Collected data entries
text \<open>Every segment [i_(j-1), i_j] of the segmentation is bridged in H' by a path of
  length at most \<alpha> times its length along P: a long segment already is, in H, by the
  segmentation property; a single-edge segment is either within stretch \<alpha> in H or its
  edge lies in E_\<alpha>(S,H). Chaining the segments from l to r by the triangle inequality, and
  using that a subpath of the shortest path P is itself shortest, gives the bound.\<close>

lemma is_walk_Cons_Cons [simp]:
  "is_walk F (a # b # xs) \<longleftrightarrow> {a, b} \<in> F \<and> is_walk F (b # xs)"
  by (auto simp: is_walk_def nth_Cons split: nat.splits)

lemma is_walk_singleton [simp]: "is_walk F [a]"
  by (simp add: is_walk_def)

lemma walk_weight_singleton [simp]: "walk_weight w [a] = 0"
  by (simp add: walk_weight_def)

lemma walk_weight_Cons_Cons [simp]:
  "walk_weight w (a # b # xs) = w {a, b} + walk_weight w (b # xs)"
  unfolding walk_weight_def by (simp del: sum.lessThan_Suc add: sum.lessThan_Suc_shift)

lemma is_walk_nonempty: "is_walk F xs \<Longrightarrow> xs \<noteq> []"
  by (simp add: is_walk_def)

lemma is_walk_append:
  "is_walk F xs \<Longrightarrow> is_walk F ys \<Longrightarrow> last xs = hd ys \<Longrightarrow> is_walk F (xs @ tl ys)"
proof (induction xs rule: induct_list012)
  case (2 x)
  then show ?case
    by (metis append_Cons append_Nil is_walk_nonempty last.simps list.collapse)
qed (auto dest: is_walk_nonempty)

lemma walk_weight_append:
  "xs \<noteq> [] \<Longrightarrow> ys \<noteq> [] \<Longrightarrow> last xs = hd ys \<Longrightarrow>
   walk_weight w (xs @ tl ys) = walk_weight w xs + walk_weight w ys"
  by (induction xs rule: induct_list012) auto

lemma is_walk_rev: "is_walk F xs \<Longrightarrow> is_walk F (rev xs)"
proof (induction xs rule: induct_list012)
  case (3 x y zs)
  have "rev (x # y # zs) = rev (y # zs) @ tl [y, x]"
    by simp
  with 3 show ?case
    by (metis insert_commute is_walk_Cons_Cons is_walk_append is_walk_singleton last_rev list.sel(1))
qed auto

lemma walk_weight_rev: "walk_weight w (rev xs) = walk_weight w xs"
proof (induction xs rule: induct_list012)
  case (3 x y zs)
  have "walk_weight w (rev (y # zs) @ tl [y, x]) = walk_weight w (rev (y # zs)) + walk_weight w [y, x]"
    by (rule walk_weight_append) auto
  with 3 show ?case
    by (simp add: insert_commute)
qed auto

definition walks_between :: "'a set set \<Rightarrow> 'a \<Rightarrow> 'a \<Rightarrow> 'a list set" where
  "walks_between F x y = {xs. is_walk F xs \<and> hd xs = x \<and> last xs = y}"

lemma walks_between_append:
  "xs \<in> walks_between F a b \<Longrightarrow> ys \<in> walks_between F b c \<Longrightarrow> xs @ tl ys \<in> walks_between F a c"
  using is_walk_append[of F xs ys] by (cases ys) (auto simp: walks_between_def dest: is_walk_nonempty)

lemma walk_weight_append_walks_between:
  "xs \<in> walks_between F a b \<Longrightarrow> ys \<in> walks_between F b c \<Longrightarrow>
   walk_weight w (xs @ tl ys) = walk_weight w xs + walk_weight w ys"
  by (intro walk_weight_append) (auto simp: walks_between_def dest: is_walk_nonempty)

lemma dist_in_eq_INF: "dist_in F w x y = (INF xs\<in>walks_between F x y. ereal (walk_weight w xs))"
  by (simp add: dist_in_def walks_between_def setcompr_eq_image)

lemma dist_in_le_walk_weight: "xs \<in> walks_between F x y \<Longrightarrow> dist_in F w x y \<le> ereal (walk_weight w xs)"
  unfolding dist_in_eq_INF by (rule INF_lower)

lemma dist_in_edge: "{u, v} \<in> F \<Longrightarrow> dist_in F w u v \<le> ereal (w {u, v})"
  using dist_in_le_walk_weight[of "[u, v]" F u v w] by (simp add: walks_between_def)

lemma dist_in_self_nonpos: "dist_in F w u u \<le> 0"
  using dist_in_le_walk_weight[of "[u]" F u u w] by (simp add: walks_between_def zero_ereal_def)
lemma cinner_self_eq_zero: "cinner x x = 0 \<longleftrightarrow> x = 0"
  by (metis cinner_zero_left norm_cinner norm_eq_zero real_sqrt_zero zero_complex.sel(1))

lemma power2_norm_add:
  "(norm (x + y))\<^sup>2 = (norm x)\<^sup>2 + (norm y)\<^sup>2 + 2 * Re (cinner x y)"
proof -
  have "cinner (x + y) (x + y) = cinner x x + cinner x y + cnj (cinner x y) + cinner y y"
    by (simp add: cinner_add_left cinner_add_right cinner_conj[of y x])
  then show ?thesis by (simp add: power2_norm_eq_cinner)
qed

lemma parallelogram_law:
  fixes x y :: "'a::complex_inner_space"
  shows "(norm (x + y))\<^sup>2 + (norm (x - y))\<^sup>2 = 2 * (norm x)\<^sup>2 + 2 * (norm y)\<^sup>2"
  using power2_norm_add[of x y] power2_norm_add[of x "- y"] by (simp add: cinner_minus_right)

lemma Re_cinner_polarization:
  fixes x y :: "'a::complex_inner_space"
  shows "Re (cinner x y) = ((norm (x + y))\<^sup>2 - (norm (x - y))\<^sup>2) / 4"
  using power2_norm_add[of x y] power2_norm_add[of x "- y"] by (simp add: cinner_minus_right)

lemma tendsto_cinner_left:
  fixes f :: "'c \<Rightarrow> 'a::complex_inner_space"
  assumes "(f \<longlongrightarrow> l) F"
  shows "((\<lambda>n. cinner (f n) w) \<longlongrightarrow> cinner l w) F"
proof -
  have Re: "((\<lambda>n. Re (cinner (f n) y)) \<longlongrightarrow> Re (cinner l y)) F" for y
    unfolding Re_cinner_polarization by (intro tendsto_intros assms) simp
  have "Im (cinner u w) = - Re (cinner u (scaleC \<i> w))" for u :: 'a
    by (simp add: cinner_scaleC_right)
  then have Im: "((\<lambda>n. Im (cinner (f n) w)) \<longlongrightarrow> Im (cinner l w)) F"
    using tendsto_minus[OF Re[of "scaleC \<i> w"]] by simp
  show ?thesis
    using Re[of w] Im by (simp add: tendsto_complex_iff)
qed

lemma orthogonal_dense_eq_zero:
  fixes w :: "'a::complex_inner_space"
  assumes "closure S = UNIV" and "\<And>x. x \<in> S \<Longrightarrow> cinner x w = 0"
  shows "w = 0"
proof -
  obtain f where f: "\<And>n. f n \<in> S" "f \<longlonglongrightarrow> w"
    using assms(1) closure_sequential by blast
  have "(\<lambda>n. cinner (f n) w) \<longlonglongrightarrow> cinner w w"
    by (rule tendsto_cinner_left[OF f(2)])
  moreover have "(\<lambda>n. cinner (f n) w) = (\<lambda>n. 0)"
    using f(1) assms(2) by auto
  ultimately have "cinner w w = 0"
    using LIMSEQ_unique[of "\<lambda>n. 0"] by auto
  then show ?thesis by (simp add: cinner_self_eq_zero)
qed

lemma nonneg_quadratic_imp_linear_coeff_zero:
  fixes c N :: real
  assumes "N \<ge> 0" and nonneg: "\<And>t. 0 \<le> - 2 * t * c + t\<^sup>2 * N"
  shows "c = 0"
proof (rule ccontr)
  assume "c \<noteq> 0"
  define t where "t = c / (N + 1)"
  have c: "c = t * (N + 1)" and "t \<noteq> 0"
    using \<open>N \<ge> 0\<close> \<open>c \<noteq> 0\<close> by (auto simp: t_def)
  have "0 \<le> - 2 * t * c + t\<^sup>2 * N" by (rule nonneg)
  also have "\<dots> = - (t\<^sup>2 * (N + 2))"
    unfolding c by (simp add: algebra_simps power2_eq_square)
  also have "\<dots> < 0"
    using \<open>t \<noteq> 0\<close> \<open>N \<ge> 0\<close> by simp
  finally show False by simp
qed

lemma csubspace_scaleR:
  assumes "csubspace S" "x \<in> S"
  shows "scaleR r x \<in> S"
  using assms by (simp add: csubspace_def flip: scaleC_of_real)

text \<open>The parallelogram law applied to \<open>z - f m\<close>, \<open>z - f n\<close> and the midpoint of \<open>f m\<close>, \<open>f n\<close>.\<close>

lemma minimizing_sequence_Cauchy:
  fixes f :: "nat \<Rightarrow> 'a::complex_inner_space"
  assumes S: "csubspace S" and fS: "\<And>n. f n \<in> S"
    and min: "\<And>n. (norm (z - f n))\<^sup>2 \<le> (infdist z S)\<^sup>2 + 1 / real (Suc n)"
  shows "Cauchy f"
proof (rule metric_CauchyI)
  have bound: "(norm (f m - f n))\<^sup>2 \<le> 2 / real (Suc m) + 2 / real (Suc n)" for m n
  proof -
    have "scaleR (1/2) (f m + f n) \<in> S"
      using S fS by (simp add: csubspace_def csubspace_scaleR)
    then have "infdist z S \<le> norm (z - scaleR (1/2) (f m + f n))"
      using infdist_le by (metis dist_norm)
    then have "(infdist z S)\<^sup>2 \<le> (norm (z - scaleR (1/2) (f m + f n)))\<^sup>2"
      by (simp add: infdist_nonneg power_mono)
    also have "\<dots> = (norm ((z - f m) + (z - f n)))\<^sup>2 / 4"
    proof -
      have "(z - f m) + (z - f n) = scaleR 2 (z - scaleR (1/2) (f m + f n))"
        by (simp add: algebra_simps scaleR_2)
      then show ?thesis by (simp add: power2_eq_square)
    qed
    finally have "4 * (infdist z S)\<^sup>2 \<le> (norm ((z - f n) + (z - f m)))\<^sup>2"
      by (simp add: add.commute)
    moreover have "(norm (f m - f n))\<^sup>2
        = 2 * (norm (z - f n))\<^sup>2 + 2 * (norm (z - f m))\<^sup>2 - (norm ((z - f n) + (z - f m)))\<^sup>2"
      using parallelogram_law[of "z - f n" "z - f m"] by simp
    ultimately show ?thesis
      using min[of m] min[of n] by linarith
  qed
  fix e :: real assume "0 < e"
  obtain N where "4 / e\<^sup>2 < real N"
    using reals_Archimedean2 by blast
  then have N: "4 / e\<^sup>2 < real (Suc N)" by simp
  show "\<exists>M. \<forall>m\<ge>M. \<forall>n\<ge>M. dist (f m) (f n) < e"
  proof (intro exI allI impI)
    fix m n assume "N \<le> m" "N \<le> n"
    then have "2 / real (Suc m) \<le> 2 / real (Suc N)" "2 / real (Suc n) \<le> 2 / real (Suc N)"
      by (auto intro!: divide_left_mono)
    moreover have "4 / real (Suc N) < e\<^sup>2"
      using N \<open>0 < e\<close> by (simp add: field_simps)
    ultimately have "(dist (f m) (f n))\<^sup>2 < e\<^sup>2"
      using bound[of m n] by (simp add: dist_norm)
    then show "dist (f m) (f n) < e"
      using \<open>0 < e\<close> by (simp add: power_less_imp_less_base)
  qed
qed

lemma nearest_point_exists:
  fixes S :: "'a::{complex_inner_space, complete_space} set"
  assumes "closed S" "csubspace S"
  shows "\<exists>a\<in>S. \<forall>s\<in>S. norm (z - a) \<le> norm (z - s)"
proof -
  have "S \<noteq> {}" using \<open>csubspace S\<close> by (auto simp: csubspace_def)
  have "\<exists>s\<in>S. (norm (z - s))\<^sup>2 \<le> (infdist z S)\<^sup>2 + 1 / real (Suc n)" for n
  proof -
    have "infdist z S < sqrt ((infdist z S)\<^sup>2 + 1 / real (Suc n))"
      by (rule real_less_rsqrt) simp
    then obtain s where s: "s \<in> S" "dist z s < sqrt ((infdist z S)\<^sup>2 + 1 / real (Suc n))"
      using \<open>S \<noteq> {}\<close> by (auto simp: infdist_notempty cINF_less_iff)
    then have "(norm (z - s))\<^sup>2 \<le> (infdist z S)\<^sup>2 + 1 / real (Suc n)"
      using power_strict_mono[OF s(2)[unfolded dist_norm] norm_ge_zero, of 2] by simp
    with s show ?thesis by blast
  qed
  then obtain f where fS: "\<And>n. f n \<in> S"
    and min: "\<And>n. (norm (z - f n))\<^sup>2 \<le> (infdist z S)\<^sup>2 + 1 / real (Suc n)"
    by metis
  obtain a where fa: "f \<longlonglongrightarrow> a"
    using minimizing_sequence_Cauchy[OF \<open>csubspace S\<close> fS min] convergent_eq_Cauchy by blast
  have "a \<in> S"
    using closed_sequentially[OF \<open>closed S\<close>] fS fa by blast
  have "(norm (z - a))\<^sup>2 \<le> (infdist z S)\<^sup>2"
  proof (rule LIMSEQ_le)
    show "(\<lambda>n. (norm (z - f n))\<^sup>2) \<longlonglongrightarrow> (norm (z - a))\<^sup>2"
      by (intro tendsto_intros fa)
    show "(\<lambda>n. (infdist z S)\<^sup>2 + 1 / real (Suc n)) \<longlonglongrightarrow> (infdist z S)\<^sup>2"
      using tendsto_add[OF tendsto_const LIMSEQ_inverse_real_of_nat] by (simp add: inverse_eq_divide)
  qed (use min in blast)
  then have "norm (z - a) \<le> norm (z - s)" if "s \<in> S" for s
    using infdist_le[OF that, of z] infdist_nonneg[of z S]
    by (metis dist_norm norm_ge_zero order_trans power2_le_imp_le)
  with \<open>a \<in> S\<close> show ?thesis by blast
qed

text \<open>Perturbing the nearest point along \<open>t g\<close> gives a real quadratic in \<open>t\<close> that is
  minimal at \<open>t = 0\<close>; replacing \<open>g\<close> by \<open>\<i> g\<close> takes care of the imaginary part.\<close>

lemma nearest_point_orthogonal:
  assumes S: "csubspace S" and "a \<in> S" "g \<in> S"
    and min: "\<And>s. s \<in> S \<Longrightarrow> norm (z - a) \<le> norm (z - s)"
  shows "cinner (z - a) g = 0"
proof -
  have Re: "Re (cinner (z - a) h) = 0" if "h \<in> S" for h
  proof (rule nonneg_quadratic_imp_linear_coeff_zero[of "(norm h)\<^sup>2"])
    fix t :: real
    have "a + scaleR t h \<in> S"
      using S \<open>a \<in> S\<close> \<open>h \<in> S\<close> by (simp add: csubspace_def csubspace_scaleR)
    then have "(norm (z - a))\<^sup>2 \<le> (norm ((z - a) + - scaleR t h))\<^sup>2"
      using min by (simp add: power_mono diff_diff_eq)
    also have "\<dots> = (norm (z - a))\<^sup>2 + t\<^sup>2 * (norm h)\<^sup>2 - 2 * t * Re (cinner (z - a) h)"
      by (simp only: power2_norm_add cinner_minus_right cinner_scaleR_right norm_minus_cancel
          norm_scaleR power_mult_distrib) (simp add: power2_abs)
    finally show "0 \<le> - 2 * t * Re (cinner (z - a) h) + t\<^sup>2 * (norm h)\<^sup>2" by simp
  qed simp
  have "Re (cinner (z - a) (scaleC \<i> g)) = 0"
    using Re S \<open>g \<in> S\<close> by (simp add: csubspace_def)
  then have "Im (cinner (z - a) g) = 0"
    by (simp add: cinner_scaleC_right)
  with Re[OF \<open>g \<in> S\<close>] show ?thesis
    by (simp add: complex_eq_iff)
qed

WHAT YOU WILL DO: The required output is every line above from the one with "fixes c N :: real" down to the one with "using \<open>t \<noteq>", restated word for word, ends included.

ANSWER BOX:
  fixes c N :: real
  assumes "N \<ge> 0" and nonneg: "\<And>t. 0 \<le> - 2 * t * c + t\<^sup>2 * N"
  shows "c = 0"
proof (rule ccontr)
  assume "c \<noteq> 0"
  define t where "t = c / (N + 1)"
  have c: "c = t * (N + 1)" and "t \<noteq> 0"
    using \<open>N \<ge> 0\<close> \<open>c \<noteq> 0\<close> by (auto simp: t_def)
  have "0 \<le> - 2 * t * c + t\<^sup>2 * N" by (rule nonneg)
  also have "\<dots> = - (t\<^sup>2 * (N + 2))"
    unfolding c by (simp add: algebra_simps power2_eq_square)
  also have "\<dots> < 0"
    using \<open>t \<noteq> 0\<close> \<open>N \<ge> 0\<close> by simp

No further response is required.